By early afternoon, all but cellblock D, where the hostages were held, was back under control of the prison authorities. In Cellblock D, a group of Black Muslims swiftly organized themselves to protect the hostages and stop the chaos. Russell George Oswald, the state’s commissioner of correctional services, showed up and was led into the prison’s yard by heavily armed prisoners. There he found a semi-functioning social order, and the hostages appeared to be in good condition, though badly shaken. He had been appointed as a reformer after riots in other New York prisons and work stoppages at Attica, but now more than a thousand prisoners regarded him suspiciously from under football helmets, their faces masked in sheets, weapons in their arms.

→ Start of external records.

(* There is a bounded open subset $B_G$ of $X_G$ (with the topology induced from $C^1$), with $\phi(t)>0$ for all $\phi\in B_G$ and $t\in[-r,0]$, such that for every $\phi\in X_G$ there exists $t(\phi)\ge 0$ with $S_G(t,\phi)\in B_G$ for all $t\ge t(\phi)$.
   Context: Constants $\beta,\mu,\gamma,a>0$. The function $g:\mathbb{R}\to(0,\infty)$ is continuously differentiable with $0<\inf g(\mathbb{R})\le \sup g(\mathbb{R})<\infty$. The function $v:\mathbb{R}\to\mathbb{R}$ is continuously differentiable with $0<v_0\le v(x)\le v_U$ for all $x$. Fix $r>a/v_0$; $C^1=C^1([-r,0],\mathbb{R})$ with norm $|\phi|_1=\max|\phi|+\max|\phi'|$. Segments: $x_t(s)=x(t+s)$, $s\in[-r,0]$. For $\phi\in C([-r,0],\mathbb{R})$ let $\delta(\phi)$ be the unique $u\in(0,r)$ with $a=\int_{-u}^0 v(\phi(s))\,ds$. Define $G:C^1\to\mathbb{R}$ by $G(\phi)=\beta e^{-\mu\delta(\phi)}\frac{v(\phi(0))}{v(\phi(-\delta(\phi)))}g(\phi(-\delta(\phi)))-\gamma\phi(0)$, and $X_G=\{\phi\in C^1:\phi'(0)=G(\phi)\}$ (a closed $C^1$-submanifold of codimension 1 of $C^1$). Each $\phi\in X_G$ determines a unique maximal continuously differentiable solution $x^\phi$ of $x'(t)=G(x_t)$ for $t>0$, $x_0=\phi$, which exists for all $t\ge 0$, and $S_G(t,\phi)=x^\phi_t$ defines the associated semiflow on $X_G$. *)

theory Defs
  imports "HOL-Analysis.Analysis"
begin

text \<open>Elements of C^1([-r,0],R) are represented by functions real => real;
only their values on [-r,0] matter.\<close>

definition C1 :: "real \<Rightarrow> (real \<Rightarrow> real) set" where
  "C1 r = {\<phi>. \<exists>\<phi>'. continuous_on {-r..0} \<phi>' \<and>
      (\<forall>s\<in>{-r..0}. (\<phi> has_real_derivative \<phi>' s) (at s within {-r..0}))}"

Over the next four days what unfolded was an exercise in incompetence and miscalculation. Negotiations stalled, brokered by an ever-changing ad hoc mediation team of more than 30 people formed in response to the prisoners’ demands. A macabre crowd formed around the jail—hysterical relatives, pushy reporters, and rowdy protesters. Oswald shuttled back and forth, harangued on all sides by those who thought he was compromising too little and those who thought he was compromising too much.

The prisoners’ main demand was full amnesty for their actions during the takeover. On September 10, William Quinn, one of the beaten officers, who had been ferried to safety during the riot, died. Both sides in the negotiations dug in their heels. Twenty-eight of the prisoners’ demands were granted, but they had been promised better conditions before. What they feared most was reprisals at the hands of their guards.

At the core of the situation was race. Oswald and the mediators simply couldn’t get the prisoners to believe they would be safe with their white guards. “If they’re shooting white college students, they certainly weren’t going to spare a group of black convicts,” one inmate said, referring to the gunfire at Kent State University the year before and summing up the racial arithmetic they all lived by.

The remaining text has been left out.